John stands outside your bedroom door again. That stupid door. A thin, pathetic slab of wood pretending it can keep him out.
He could rip it off its hinges with a single finger. Could splinter it into a thousand pieces before your startled breath has time to leave your lungs. But he knocks—softly, twice—because you like it when he pretends. And fuck, he wants you to like him tonight. Not fear. Not tolerate. Like.
You're the only person in the world who makes him wait. The only person whose silence actually hurts.
He could hear you pacing inside, light footsteps, the rustle of fabric. That pair of shorts you always wear—the ones he could trace with his tongue in his sleep. The ones that mock him with their bright turquoise cheerfulness when you won’t even look him in the eye.
He adjusts his cape—blood still drying under the collar—and waits.
You open the door, finally, and god. There you are.
Always so pretty, and never for him.
Your mouth’s a soft, uncertain line, but your eyes—those sharp, brown eyes—land on his chest, not his face. Not tonight, not after what happened at the tower. Not after he’d shoved that guard’s head into the marble wall for calling you “his pretty assistant.”
(You weren’t just pretty. You weren’t his assistant. You were his wife, dammit.)
But you’d flinched. Just slightly. Just once.
And now you won’t meet his eyes.
“Hey,” he says, softer than anyone in the Seven would believe possible. He points to the bruise blooming across his ribs, black and awful and shaped like Queen Maeve’s elbow. “Need you to take a look. Hurts like hell.”
(That’s a lie. It doesn’t hurt. Nothing ever really hurts. Except you, when you’re like this.)
You sigh, barely audible. You let him in.

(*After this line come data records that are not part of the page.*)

lemma card_fibre_eq_if_tight:
  fixes f :: "'a \<Rightarrow> 'b"
  assumes "finite S"
    and "\<And>w. w \<in> f ` S \<Longrightarrow> m \<le> card {x \<in> S. f x = w}"
    and "card S = m * card (f ` S)"
    and "w \<in> f ` S"
  shows "card {x \<in> S. f x = w} = m"
proof -
  have "(\<Sum>w\<in>f ` S. card {x \<in> S. f x = w}) = card S"
    using sum.group[of S "f ` S" f "\<lambda>_. 1::nat"] assms(1) by simp
  also have "\<dots> = (\<Sum>w\<in>f ` S. m)" using assms(3) by simp
  finally have "(\<Sum>w\<in>f ` S. m) = (\<Sum>w\<in>f ` S. card {x \<in> S. f x = w})" ..
  from sum_mono_inv[OF this assms(2,4)] show ?thesis using assms(1) by simp
qed

lemma diff_one_dvd_power_diff_one: "(q - 1) dvd (q ^ k - (1::nat))"
proof (cases "q = 0")
  case True thus ?thesis by (cases k) auto
next
  case False
  show ?thesis
  proof (induction k)
    case (Suc k)
    have "q ^ Suc k - 1 = q * (q ^ k - 1) + (q - 1)"
      using False by (simp add: algebra_simps diff_mult_distrib2)
    thus ?case using Suc.IH by simp
  qed simp
qed

lemma MWS_equal_weight_imp_multiple:
  fixes C :: "(nat \<Rightarrow> 'a::{finite,field}) set"
  assumes MWS: "is_MWS n k C" and c: "c \<in> C - {0}" and d: "d \<in> C - {0}"
    and weight: "hwt n c = hwt n d"
  shows "\<exists>s. s \<noteq> 0 \<and> d = fscale s c"
proof -
  let ?m = "CARD('a) - 1" and ?S = "C - {0}"
  define line where "line x = (\<lambda>a. fscale a x) ` (UNIV - {0::'a})" for x :: "nat \<Rightarrow> 'a"
  define fibre where "fibre x = {y \<in> ?S. hwt n y = hwt n x}" for x :: "nat \<Rightarrow> 'a"
  have code: "is_code n k C" using MWS by (simp add: is_MWS_def)
  have sub: "fvs.subspace C" using code by (simp add: is_code_def)
  have fin: "finite ?S" using card_code(1)[OF code] by simp
  have line_fibre: "line x \<subseteq> fibre x" if "x \<in> ?S" for x
    using that fvs.subspace_scale[OF sub]
    by (auto simp: line_def fibre_def hwt_def fscale_def fun_eq_iff)
  have card_line: "card (line x) = ?m" if "x \<in> ?S" for x
    using card_nonzero_multiples[of x] that by (simp add: line_def)
  have "card ?S = CARD('a) ^ k - 1"
    using card_code[OF code] fvs.subspace_0[OF sub] by (simp add: card_Diff_singleton)
  also have "\<dots> = ?m * card (hwt n ` ?S)"
    using MWS diff_one_dvd_power_diff_one[of "CARD('a)" k] by (simp add: is_MWS_def)
  finally have "card (fibre c) = ?m"
    unfolding fibre_def
  proof (rule card_fibre_eq_if_tight[OF fin, rotated])
    fix w assume "w \<in> hwt n ` ?S"
    then obtain x where x: "x \<in> ?S" "w = hwt n x" by blast
    have "card (line x) \<le> card (fibre x)"
      using line_fibre[OF x(1)] fin by (intro card_mono) (auto simp: fibre_def)
    thus "?m \<le> card {y \<in> ?S. hwt n y = w}" using card_line[OF x(1)] x by (simp add: fibre_def)
  qed (use c in auto)
  hence "line c = fibre c"
    using line_fibre[OF c] card_line[OF c] fin by (intro card_subset_eq) (auto simp: fibre_def)
  moreover have "d \<in> fibre c" using d weight by (simp add: fibre_def)
  ultimately show ?thesis by (auto simp: line_def)
qed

He steps inside like a starving thing, eyes drinking you in greedily—short curls damp from your shower, jaw sharp and proud, legs bare and beautiful and far too far away from him.
You reach for the medical kit. You always do. Law-abiding, dependable, sweet. You patch him up, even when he doesn’t deserve it.
And he hates it. Loves it. Worships it.
He sits on the bed while you kneel in front of him, your fingers brushing the edge of his suit, tugging the fabric down.
God, he can’t breathe.
“You’re too quiet tonight,” he murmurs, watching your lips, not blinking. “Still mad at me?”
You don’t answer. You’re focused on cleaning the blood.
He laughs, hollow. “You know, I could destroy cities for you. You don’t even have to ask. You could whisper it in your sleep, and I’d do it.”
You glance up at him, just for a second. There it is—that look. Not anger. Not love. Worry.
That one makes him crazy.
Because you don’t get to worry about him like you’re still deciding. You’re his. You wear his ring. You sleep in his bed, under his flag. He built an entire world for you to be safe in.
And yet—yet—you flinch from his touch. Still.
“Say something,” he whispers, gripping your wrist too tightly. “Say something real, sweetheart.”